Кроме того, Шекспир привез с собой поэму, которую дорабатывал уже здесь, в Тичфилде: «Венера и Адонис». Поэма о неразделенной любви Венеры к красавцу Адонису. Надо уже наконец писать что-то серьезное, а не только пьески для «народного театра»! Поэма была не лучшее произведение его, прямо скажем (следующая, про «обесчещенную Лукрецию», была лучше), но пользовалась успехом долго, особенно у молодых людей – в университетах и юридических иннах (колледжах). А их в одном Лондоне было четыре.

Он придал поэме посвящение, которое нравилось ему самому:

«Его милости Генри Ризли,

герцогу Саутгемптону,

барону Тичфилду…

Ваша милость!

Я сознаю, что поступаю весьма дерзновенно, посвящая мои слабые строки Вашей милости, и что свет осудит меня за избрание столь сильной опоры, когда моя ноша столь легковесна…
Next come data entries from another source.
lemma lang_suffix: "suffix u w \<Longrightarrow> w \<in> lang X \<Longrightarrow> u \<in> lang X"
proof -
  have "zs @ u \<in> lang X \<Longrightarrow> u \<in> lang X" for zs
    by (induction zs) (auto dest: lang_ConsD)
  then show "suffix u w \<Longrightarrow> w \<in> lang X \<Longrightarrow> u \<in> lang X" unfolding suffix_def by blast
qed

lemma right_ext_nonempty: "w \<in> lang X \<Longrightarrow> right_ext X w \<noteq> {}"
proof -
  assume "w \<in> lang X"
  then obtain x i where "x \<in> X" and x: "\<forall>k<length w. w ! k = x (i + int k)"
    unfolding lang_iff_nth by blast
  then have "\<forall>k<length (w @ [x (i + int (length w))]). (w @ [x (i + int (length w))]) ! k = x (i + int k)"
    by (auto simp: nth_append less_Suc_eq)
  with \<open>x \<in> X\<close> have "w @ [x (i + int (length w))] \<in> lang X" unfolding lang_iff_nth by blast
  then show ?thesis unfolding right_ext_def by blast
qed

lemma set_lang_subset:
  assumes "X \<subseteq> {x. \<forall>i. x i \<in> A}" and "w \<in> lang X"
  shows "set w \<subseteq> A"
proof
  fix a assume "a \<in> set w"
  then obtain k where "k < length w" "a = w ! k" by (auto simp: in_set_conv_nth)
  with assms show "a \<in> A" unfolding lang_iff_nth by auto
qed

lemma ext_adj_sym: "ext_adj X w u v \<Longrightarrow> ext_adj X w v u"
  unfolding ext_adj_def by blast

lemma ext_adj_irrefl: "\<not> ext_adj X w u u"
  unfolding ext_adj_def by blast

lemma ug_arcs_ext_graph:
  "ug_arcs (ext_vertices X w) (ext_adj X w)
     = (\<lambda>(a, b). (Inl a, Inr b)) ` (SIGMA a:left_ext X w. right_ext X (a # w))
     \<union> (\<lambda>(a, b). (Inr b, Inl a)) ` (SIGMA a:left_ext X w. right_ext X (a # w))"
proof -
  have "a # w @ [b] \<in> lang X \<Longrightarrow> b \<in> right_ext X w" for a b
    unfolding right_ext_def by (auto dest: lang_ConsD)
  then show ?thesis
    unfolding ug_arcs_def ext_vertices_def ext_adj_def left_ext_def right_ext_def by auto
qed

context
  fixes A :: "'a set" and X :: "(int \<Rightarrow> 'a) set"
  assumes shift: "shift_space A X"
begin

lemma finite_alphabet: "finite A" and seqs_in_alphabet: "X \<subseteq> {x. \<forall>i. x i \<in> A}"
  using shift unfolding shift_space_def by blast+

lemma finite_lang_n: "finite (lang_n X n)"
proof (rule finite_subset)
  show "lang_n X n \<subseteq> {w. set w \<subseteq> A \<and> length w = n}"
    using set_lang_subset[OF seqs_in_alphabet] unfolding lang_n_def by blast
  show "finite {w. set w \<subseteq> A \<and> length w = n}"
    by (rule finite_lists_length_eq[OF finite_alphabet])
qed

lemma finite_right_ext: "finite (right_ext X w)"
proof (rule finite_subset[OF _ finite_alphabet])
  show "right_ext X w \<subseteq> A"
    using set_lang_subset[OF seqs_in_alphabet, of "w @ [_]"] unfolding right_ext_def by auto
qed

lemma finite_left_ext: "finite (left_ext X w)"
proof (rule finite_subset[OF _ finite_alphabet])
  show "left_ext X w \<subseteq> A"
    using set_lang_subset[OF seqs_in_alphabet, of "_ # w"] unfolding left_ext_def by auto
qed

lemma rho_nonneg: "w \<in> lang X \<Longrightarrow> 0 \<le> rho X w"
  using right_ext_nonempty finite_right_ext unfolding rho_def by (simp add: card_gt_0_iff)

text \<open>The tree \<open>\<E>\<^sub>1(w)\<close> has \<open>card L + card R - 1\<close> edges, and counted from the left
  vertices it has \<open>\<Sum>\<^sub>a card (R\<^sub>1(aw))\<close> of them.\<close>
lemma rho_eq_sum_left_ext:
  assumes tree: "ug_tree (ext_vertices X w) (ext_adj X w)"
  shows "rho X w = (\<Sum>a\<in>left_ext X w. rho X (a # w))"
proof -
  let ?V = "ext_vertices X w" and ?L = "left_ext X w" and ?R = "right_ext X w"
  let ?Ed = "SIGMA a:?L. right_ext X (a # w)"
  have finite_Ed: "finite ?Ed" using finite_left_ext finite_right_ext by blast
  have finite_V: "finite ?V"
    unfolding ext_vertices_def using finite_left_ext finite_right_ext by blast
  have card_V: "card ?V = card ?L + card ?R"
    unfolding ext_vertices_def using finite_left_ext finite_right_ext
    by (subst card_Un_disjoint) (auto simp: card_image)
  have "?V \<noteq> {}" using tree unfolding ug_tree_def ug_connected_def by blast
  then obtain n where n: "card ?V = Suc n"
    using finite_V by (metis card_0_eq not0_implies_Suc)
  have "card (ug_arcs ?V (ext_adj X w)) = card ?Ed + card ?Ed"
    unfolding ug_arcs_ext_graph using finite_Ed
    by (subst card_Un_disjoint) (auto simp: card_image inj_on_def)
  moreover have "card (ug_arcs ?V (ext_adj X w)) = 2 * n"
    using card_ug_arcs_tree[where E = "ext_adj X w", OF n finite_V ext_adj_sym ext_adj_irrefl tree] .
  ultimately have "card ?Ed = n" by simp
  moreover have "card ?Ed = (\<Sum>a\<in>?L. card (right_ext X (a # w)))"
    using finite_left_ext finite_right_ext by simp
  ultimately have "(\<Sum>a\<in>?L. int (card (right_ext X (a # w)))) = int (card ?L) + int (card ?R) - 1"
    using n card_V by (simp flip: of_nat_sum)
  then show ?thesis unfolding rho_def by (simp add: sum_subtractf)
qed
Покорный слуга Вашей милости…»

Во всяком случае, все так писали! Поэма герцогу пришлась по сердцу. Он сразу сказал, что созовет друзей, чтоб автор прочел поэму в их присутствии.

Чтение должно было состояться на следующий день или через день, но он вдруг вызвал Шекспира в кабинет и сообщил:

– Убит Марло!

Уилл был ошарашен:

– Как? Я ж его недавно видел!

– А ты его знал?

– Да, конечно. Мы даже с ним работали вместе какое-то время…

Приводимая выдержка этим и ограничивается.